Os ucranianos perguntam-me frequentemente o que é que os candidatos dizem exactamente sobre o nosso país durante a campanha. Tive de responder que, honestamente, a Ucrânia não estava a ser explicitamente mencionada nos comícios, pelo menos naqueles em que participei. Em Saginaw, Michigan, uma cidade industrial, Vance não mencionou a Ucrânia nem uma vez, alertando principalmente sobre os riscos de os trabalhadores locais perderem os seus empregos por causa dos veículos eléctricos chineses. Kamala Harrisnum comício de campanha na cidade universitária de Ann Arbor, falou do fascínio de Trump por líderes autoritários como Putin.

Zelenskyy interrompe enquanto Trump diz que tem ‘bom relacionamento’ com Putin antes da reunião – vídeo

O próprio Trump, falando na Pensilvânia, disse pelo menos três vezes que não gastaria o dinheiro dos contribuintes em guerras “em países dos quais nunca ouviu falar e dos quais não quer ouvir”. O público aplaudiu ruidosamente.

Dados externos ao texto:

(* Let $Q$ be a quiver (no framing, arbitrary orientation) whose underlying graph is the affine Dynkin graph $\widetilde{A}_r$ (a cycle with $r+1$ vertices and $r+1$ edges; for $r=0$ a single loop), let $\beta=(n,\dots,n)$, and put the complete standard filtration at each vertex. Then $\mathbb{C}[\mathfrak{b}^{\oplus r+1}]^{\mathbb{U}_\beta}\cong\mathbb{C}[\mathfrak{t}^{\oplus r+1}]$, i.e. the invariant ring is the subalgebra generated by the diagonal entries of the $r+1$ matrices.
   Context: At each vertex put $\mathbb{C}^n$ with the flag $0\subset\mathbb{C}^1\subset\cdots\subset\mathbb{C}^n$ of standard coordinate subspaces; the filtered representation space is $\mathfrak{b}^{\oplus Q_1}$, tuples $(A_a)$ of upper triangular $n\times n$ matrices, one per arrow. $\mathbb{U}_\beta=U^{Q_0}$, $U$ the upper unitriangular $n\times n$ matrices, acting by $(u_i)\cdot(A_a)=(u_{h(a)}A_au_{t(a)}^{-1})$ with $h,t$ head and tail. $\mathfrak{t}$ denotes diagonal matrices. *)

theory Defs
  imports Complex_Main "Jordan_Normal_Form.Gauss_Jordan_Elimination"
begin

inductive_set gen_alg :: "('x \<Rightarrow> complex) set \<Rightarrow> ('x \<Rightarrow> complex) set"
  for S :: "('x \<Rightarrow> complex) set" where
  const: "(\<lambda>_. c) \<in> gen_alg S"
| gen: "s \<in> S \<Longrightarrow> s \<in> gen_alg S"
| add: "f \<in> gen_alg S \<Longrightarrow> g \<in> gen_alg S \<Longrightarrow> (\<lambda>x. f x + g x) \<in> gen_alg S"
| mult: "f \<in> gen_alg S \<Longrightarrow> g \<in> gen_alg S \<Longrightarrow> (\<lambda>x. f x * g x) \<in> gen_alg S"

text \<open>Quiver whose underlying graph is the cycle affine A_r: vertices and arrows 0..r,
  arrow k joins k and (k+1) mod (r+1), with arbitrary orientation given by head hh / tail tt.\<close>
definition cyclic_quiver :: "nat \<Rightarrow> (nat \<Rightarrow> nat) \<Rightarrow> (nat \<Rightarrow> nat) \<Rightarrow> bool" where
  "cyclic_quiver r hh tt \<longleftrightarrow> (\<forall>k\<le>r. {hh k, tt k} = {k, Suc k mod Suc r})"

definition bspace :: "nat \<Rightarrow> nat \<Rightarrow> (nat \<Rightarrow> complex mat) set" where
  "bspace r n = {A. \<forall>a\<le>r. A a \<in> carrier_mat n n \<and> upper_triangular (A a)}"

definition unitri :: "nat \<Rightarrow> complex mat set" where
  "unitri n = {u. u \<in> carrier_mat n n \<and> upper_triangular u \<and> (\<forall>i<n. u $$ (i,i) = 1)}"

definition Ugroup :: "nat \<Rightarrow> nat \<Rightarrow> (nat \<Rightarrow> complex mat) set" where
  "Ugroup r n = {u. \<forall>v\<le>r. u v \<in> unitri n}"

definition minv :: "complex mat \<Rightarrow> complex mat" where
  "minv u = the (mat_inverse u)"

definition act :: "(nat \<Rightarrow> nat) \<Rightarrow> (nat \<Rightarrow> nat) \<Rightarrow> (nat \<Rightarrow> complex mat) \<Rightarrow> (nat \<Rightarrow> complex mat)
    \<Rightarrow> (nat \<Rightarrow> complex mat)" where
  "act hh tt u A = (\<lambda>a. u (hh a) * A a * minv (u (tt a)))"

definition coord_ring :: "nat \<Rightarrow> nat \<Rightarrow> ((nat \<Rightarrow> complex mat) \<Rightarrow> complex) set" where
  "coord_ring r n = gen_alg {(\<lambda>A. A a $$ (i,j)) | a i j. a \<le> r \<and> i \<le> j \<and> j < n}"

definition diag_alg :: "nat \<Rightarrow> nat \<Rightarrow> ((nat \<Rightarrow> complex mat) \<Rightarrow> complex) set" where
  "diag_alg r n = gen_alg {(\<lambda>A. A a $$ (i,i)) | a i. a \<le> r \<and> i < n}"

definition invariant_ring :: "nat \<Rightarrow> nat \<Rightarrow> (nat \<Rightarrow> nat) \<Rightarrow> (nat \<Rightarrow> nat)
    \<Rightarrow> ((nat \<Rightarrow> complex mat) \<Rightarrow> complex) set" where
  "invariant_ring r n hh tt = {f \<in> coord_ring r n.
     \<forall>u\<in>Ugroup r n. \<forall>A\<in>bspace r n. f (act hh tt u A) = f A}"

end

theory Submission
  imports Defs "Jordan_Normal_Form.Determinant" "HOL-Computational_Algebra.Polynomial"
begin
(* Let $G=(V,E,T,c)$ be a $k$-terminal network. For every $S\subset T$ with $S\neq\emptyset,T$ there exist $S_1,\dots,S_m\in\mathcal{T}_e(G)$ ($m\ge1$) such that the sets $E_{S_1},\dots,E_{S_m}$ are pairwise disjoint and $E_S=E_{S_1}\cup\dots\cup E_{S_m}$.
   Context: A $k$-terminal network $G=(V,E,T,c)$ is a finite connected undirected graph $(V,E)$ with edge weights (capacities) $c:E\to\mathbb{R}_{>0}$ and a set $T\subseteq V$ of $|T|=k$ terminals. For $F\subseteq E$ let $c(F)=\sum_{e\in F}c(e)$; for $W\subseteq V$ let $\delta(W)$ be the set of edges with exactly one endpoint in $W$. For $S\subset T$ with $S\neq\emptyset,T$, write $\bar S=T\setminus S$; a cut $(W,V\setminus W)$ is $S$-separating if $W\cap T\in\{S,\bar S\}$, and $\mathrm{mincut}_G(S)$ is the minimum of $c(\delta(W))$ over all $S$-separating cuts. It is assumed (e.g. by a generic perturbation of the weights) that the minimizing cutset is unique; it is denoted $E_S$ (so $E_S=E_{\bar S}$). For $F\subseteq E$, $CC(F)$ denotes the set of vertex sets of connected components of $(V,E\setminus F)$. The cutset $E_S$ is called elementary if $|CC(E_S)|=2$, and $\mathcal{T}_e(G)=\{S\subset T:\ S\neq\emptyset,T,\ |CC(E_S)|=2\}$. *)

theory Defs
  imports Complex_Main
begin

text \<open>Undirected (simple) graphs: edges are 2-element vertex sets.
  Edge weights c :: 'v set => real.\<close>

definition cut_edges :: "'v set set \<Rightarrow> 'v set \<Rightarrow> 'v set set" where
  "cut_edges E W = {e \<in> E. card (e \<inter> W) = 1}"

definition cap :: "('v set \<Rightarrow> real) \<Rightarrow> 'v set set \<Rightarrow> real" where
  "cap c F = (\<Sum>e\<in>F. c e)"

definition adj :: "'v set set \<Rightarrow> 'v set set \<Rightarrow> ('v \<times> 'v) set" where
  "adj E F = {(u, v). {u, v} \<in> E - F \<and> u \<noteq> v}"

definition reach :: "'v set \<Rightarrow> 'v set set \<Rightarrow> 'v set set \<Rightarrow> 'v \<Rightarrow> 'v \<Rightarrow> bool" where
  "reach V E F u v \<longleftrightarrow> u \<in> V \<and> v \<in> V \<and> (u, v) \<in> (adj E F)\<^sup>*"

definition CC :: "'v set \<Rightarrow> 'v set set \<Rightarrow> 'v set set \<Rightarrow> 'v set set" where
  "CC V E F = {{v \<in> V. reach V E F u v} | u. u \<in> V}"

definition terminal_network ::
  "'v set \<Rightarrow> 'v set set \<Rightarrow> 'v set \<Rightarrow> ('v set \<Rightarrow> real) \<Rightarrow> bool" where
  "terminal_network V E T c \<longleftrightarrow>
     finite V \<and> (\<forall>e\<in>E. e \<subseteq> V \<and> card e = 2) \<and>
     (\<forall>u\<in>V. \<forall>v\<in>V. reach V E {} u v) \<and>
     (\<forall>e\<in>E. c e > 0) \<and> T \<subseteq> V"

definition proper_sub :: "'v set \<Rightarrow> 'v set \<Rightarrow> bool" where
  "proper_sub T S \<longleftrightarrow> S \<subseteq> T \<and> S \<noteq> {} \<and> S \<noteq> T"

definition separating :: "'v set \<Rightarrow> 'v set \<Rightarrow> 'v set \<Rightarrow> 'v set \<Rightarrow> bool" where
  "separating V T S W \<longleftrightarrow> W \<subseteq> V \<and> (W \<inter> T = S \<or> W \<inter> T = T - S)"

definition mincut ::
  "'v set \<Rightarrow> 'v set set \<Rightarrow> 'v set \<Rightarrow> ('v set \<Rightarrow> real) \<Rightarrow> 'v set \<Rightarrow> real" where
  "mincut V E T c S = Min ((\<lambda>W. cap c (cut_edges E W)) ` {W. separating V T S W})"

definition min_sep_cut ::
  "'v set \<Rightarrow> 'v set set \<Rightarrow> 'v set \<Rightarrow> ('v set \<Rightarrow> real) \<Rightarrow> 'v set \<Rightarrow> 'v set \<Rightarrow> bool" where
  "min_sep_cut V E T c S W \<longleftrightarrow> separating V T S W \<and>
     cap c (cut_edges E W) = mincut V E T c S"

definition unique_mincuts ::
  "'v set \<Rightarrow> 'v set set \<Rightarrow> 'v set \<Rightarrow> ('v set \<Rightarrow> real) \<Rightarrow> bool" where
  "unique_mincuts V E T c \<longleftrightarrow> (\<forall>S. proper_sub T S \<longrightarrow>
     (\<forall>W1 W2. min_sep_cut V E T c S W1 \<and> min_sep_cut V E T c S W2 \<longrightarrow>
        cut_edges E W1 = cut_edges E W2))"

definition ES ::
  "'v set \<Rightarrow> 'v set set \<Rightarrow> 'v set \<Rightarrow> ('v set \<Rightarrow> real) \<Rightarrow> 'v set \<Rightarrow> 'v set set" where
  "ES V E T c S = (THE F. \<exists>W. min_sep_cut V E T c S W \<and> F = cut_edges E W)"

text \<open>\<T>_e(G): the sets S whose minimum cutset is elementary.\<close>
definition Te ::
  "'v set \<Rightarrow> 'v set set \<Rightarrow> 'v set \<Rightarrow> ('v set \<Rightarrow> real) \<Rightarrow> 'v set set" where
  "Te V E T c = {S. proper_sub T S \<and> card (CC V E (ES V E T c S)) = 2}"

end

theory Submission
  imports Defs
begin

text \<open>A nonempty cut \<open>\<delta>(W)\<close> is either a bond, or some component \<open>C\<close> of \<open>G - \<delta>(W)\<close> has
  \<open>\<delta>(C) \<subset> \<delta>(W)\<close>, and then \<open>\<delta>(W)\<close> is the disjoint union of \<open>\<delta>(C)\<close> and \<open>\<delta>(W \<Delta> C)\<close>; induction
  on \<open>|\<delta>(W)|\<close> splits every cut into disjoint bonds. Now let \<open>\<delta>(W) = E\<^sub>S\<close> and let
  \<open>\<delta>(X) \<subseteq> E\<^sub>S\<close> be one of its bonds. Since \<open>\<delta>(W \<Delta> Y) \<subseteq> \<delta>(W) \<union> \<delta>(Y)\<close> for every \<open>Y\<close>, exchanging
  \<open>\<delta>(X)\<close> for a cheaper cut keeping the terminals of \<open>X\<close> on one side would give a cheaper
  \<open>S\<close>-separating cut. Hence \<open>\<delta>(X)\<close> is the minimum cut for \<open>S' = X \<inter> T\<close>, and \<open>S'\<close> is neither
  empty nor all of \<open>T\<close>, since otherwise \<open>W \<Delta> X\<close> or \<open>W \<Delta> (V - X)\<close> would be an
  \<open>S\<close>-separating cut with cut set \<open>E\<^sub>S - \<delta>(X)\<close>.\<close>

lemma pairwise_disjnt_Un:
  assumes "pairwise disjnt A" "pairwise disjnt B" "disjnt (\<Union>A) (\<Union>B)"
  shows "pairwise disjnt (A \<union> B)"
proof (rule pairwiseI)
  fix X Y assume XY: "X \<in> A \<union> B" "Y \<in> A \<union> B" "X \<noteq> Y"
  show "disjnt X Y"
  proof (cases "X \<in> A \<longleftrightarrow> Y \<in> A")
    case True
    then have "X \<in> A \<and> Y \<in> A \<or> X \<in> B \<and> Y \<in> B" using XY by blast
    then show ?thesis using assms(1,2) XY(3) by (metis pairwiseD)
  next
    case False
    then have "X \<in> A \<and> Y \<in> B \<or> X \<in> B \<and> Y \<in> A" using XY by blast
    then show ?thesis using assms(3)
      by (meson Union_upper disjnt_subset1 disjnt_subset2 disjnt_sym)
  qed
qed

lemma cut_edges_doubleton_iff:
  "p \<noteq> q \<Longrightarrow> {p, q} \<in> cut_edges E W \<longleftrightarrow> {p, q} \<in> E \<and> (p \<in> W \<longleftrightarrow> q \<notin> W)"
  unfolding cut_edges_def by (cases "p \<in> W"; cases "q \<in> W") auto

lemma cut_edges_subset: "cut_edges E W \<subseteq> E"
  by (simp add: cut_edges_def)

lemma sym_adj: "sym (adj E F)"
  by (auto simp: adj_def sym_def insert_commute)

lemma rtrancl_adj_sym: "(u, v) \<in> (adj E F)\<^sup>* \<Longrightarrow> (v, u) \<in> (adj E F)\<^sup>*"
  using sym_rtrancl[OF sym_adj] by (rule symD)

lemma rtrancl_adj_cut_edges_same_side:
  assumes "(u, v) \<in> (adj E (cut_edges E W))\<^sup>*"
  shows "u \<in> W \<longleftrightarrow> v \<in> W"
  using assms
proof (induction rule: rtrancl_induct)
  case (step y z)
  then have "{y, z} \<in> E" "{y, z} \<notin> cut_edges E W" "y \<noteq> z" by (auto simp: adj_def)
  with step.IH show ?case using cut_edges_doubleton_iff[of y z E W] by auto
qed simp

definition component :: "'v set \<Rightarrow> 'v set set \<Rightarrow> 'v set set \<Rightarrow> 'v \<Rightarrow> 'v set" where
  "component V E F u = {v \<in> V. reach V E F u v}"

lemma CC_eq_component_image: "CC V E F = component V E F ` V"
  by (auto simp: CC_def component_def)

lemma self_in_component: "u \<in> V \<Longrightarrow> u \<in> component V E F u"
  by (simp add: component_def reach_def)

lemma component_eq: "v \<in> component V E F u \<Longrightarrow> component V E F v = component V E F u"
  unfolding component_def reach_def by (auto intro: rtrancl_trans dest: rtrancl_adj_sym)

Depois Joe Biden desistiu da corrida, algumas pessoas em Kiev esperavam que ele pudesse agora ser menos cauteloso e usar o tempo que lhe resta no cargo para acelerar o apoio à Ucrânia. A especulação era que ele gostaria de deixar um legado positivo de política externa, no meio da retirada do Afeganistão e da tragédia que se desenrola no Médio Oriente. Em Outubro, tornou-se claro que a actual administração dos EUA não planeava fazer nada de grande antes das eleições.

Algumas medidas foram tomadas. Em 23 de Outubro, Washington finalizou a sua parte de 20 mil milhões de dólares de um empréstimo de 50 mil milhões de dólares à Ucrânia, apoiado por activos russos congelados. Isto será colocado juntamente com um compromisso separado de 20 mil milhões de dólares da UE e 10 mil milhões de dólares divididos entre a Grã-Bretanha, o Japão e o Canadá. Supõe-se que seja reembolsado com os lucros provenientes de mais de 300 mil milhões de dólares em activos soberanos russos que foram imobilizados em Fevereiro de 2022 e que se encontram maioritariamente detidos em Europa.

Mas, a longo prazo, as vidas dos soldados ucranianos dependem não apenas dos fundos para ajuda militar, mas também de tipos específicos de armas. O Presidente Zelenskyy passou os últimos meses a fazer lobby junto ao Ocidente para o seu “plano de vitória”, que envolveria o fornecimento de mísseis de longo alcance à Ucrânia pelos EUA, que poderiam atingir as profundezas da Rússia – algo que as potências ocidentais têm relutado em aprovar. O seu argumento é que isto pode não só mudar a maré no campo de batalha, mas também aliviar o fardo daqueles que mais sofrem – a infantaria ucraniana. Sem isso, o exército ucraniano ficará dependente de soldados exaustos. Se este plano terá ou não alguma chance de progredir dependerá em grande parte de quem vencerá na próxima semana.

Logo após aterrar em Nova Iorque, um colega norte-americano perguntou-me se “estava tudo acabado para a Ucrânia se não recebesse assistência dos EUA após as eleições”. Fiquei intrigado com a forma como a pergunta foi feita. Expliquei que poderia ser extremamente difícil preservar as vidas dos ucranianos se, digamos, Trump fosse eleito, mas isso não significaria que o exército ucraniano deixaria de tentar defender os seus concidadãos ou simplesmente desistiria.

Viajando de um estado indeciso para outro, detectei uma extrema sensação de ansiedade entre muitos americanos. Era tão palpável que senti a necessidade de confortá-los. Aconteça o que acontecer, na manhã de 6 de Novembro a vida na Ucrânia continuará. O mesmo acontecerá nos EUA. Mas isso não significa que as coisas serão fáceis. Os ucranianos aprenderam nos últimos anos que a preocupação pode ser um luxo; a melhor opção é comprometer-se a trabalhar duro para evitar o pior cenário e lutar pelo que é certo.